▸ **AIM OF THE TASK**
Look through the records that follow. Copy every line containing the word "notin".

Extracted data entries:
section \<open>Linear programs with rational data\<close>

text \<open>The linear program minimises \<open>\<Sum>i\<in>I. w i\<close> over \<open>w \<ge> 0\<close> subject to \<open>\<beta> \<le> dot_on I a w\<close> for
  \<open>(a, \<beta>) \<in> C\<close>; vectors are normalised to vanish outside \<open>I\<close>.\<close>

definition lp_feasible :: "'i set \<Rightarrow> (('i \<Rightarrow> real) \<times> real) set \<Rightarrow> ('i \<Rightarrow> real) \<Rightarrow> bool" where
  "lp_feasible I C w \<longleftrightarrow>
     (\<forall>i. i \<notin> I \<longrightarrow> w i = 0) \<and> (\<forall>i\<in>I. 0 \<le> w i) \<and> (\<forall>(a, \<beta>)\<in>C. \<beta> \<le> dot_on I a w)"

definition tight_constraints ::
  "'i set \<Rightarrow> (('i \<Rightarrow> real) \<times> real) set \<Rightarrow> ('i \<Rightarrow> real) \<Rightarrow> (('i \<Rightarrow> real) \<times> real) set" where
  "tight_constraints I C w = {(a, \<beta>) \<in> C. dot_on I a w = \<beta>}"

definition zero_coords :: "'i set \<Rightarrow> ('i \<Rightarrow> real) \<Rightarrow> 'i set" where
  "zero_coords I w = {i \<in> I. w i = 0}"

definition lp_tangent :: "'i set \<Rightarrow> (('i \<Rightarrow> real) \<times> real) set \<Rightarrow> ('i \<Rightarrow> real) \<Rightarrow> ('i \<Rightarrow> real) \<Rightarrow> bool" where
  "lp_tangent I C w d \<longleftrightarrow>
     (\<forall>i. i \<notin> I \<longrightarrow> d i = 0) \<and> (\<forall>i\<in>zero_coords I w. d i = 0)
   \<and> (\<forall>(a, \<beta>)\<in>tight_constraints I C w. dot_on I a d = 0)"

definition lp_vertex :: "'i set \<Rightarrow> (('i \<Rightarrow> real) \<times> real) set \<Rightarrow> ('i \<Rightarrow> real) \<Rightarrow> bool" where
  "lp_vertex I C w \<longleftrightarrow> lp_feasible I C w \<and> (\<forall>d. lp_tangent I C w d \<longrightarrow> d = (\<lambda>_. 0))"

▸ **YOUR SOLUTION**
     (\<forall>i. i \<notin> I \<longrightarrow> w i = 0) \<and> (\<forall>i\<in>I. 0 \<le> w i) \<and> (\<forall>(a, \<beta>)\<in>C. \<beta> \<le> dot_on I a w)"
     (\<forall>i. i \<notin> I \<longrightarrow> d i = 0) \<and> (\<forall>i\<in>zero_coords I w. d i = 0)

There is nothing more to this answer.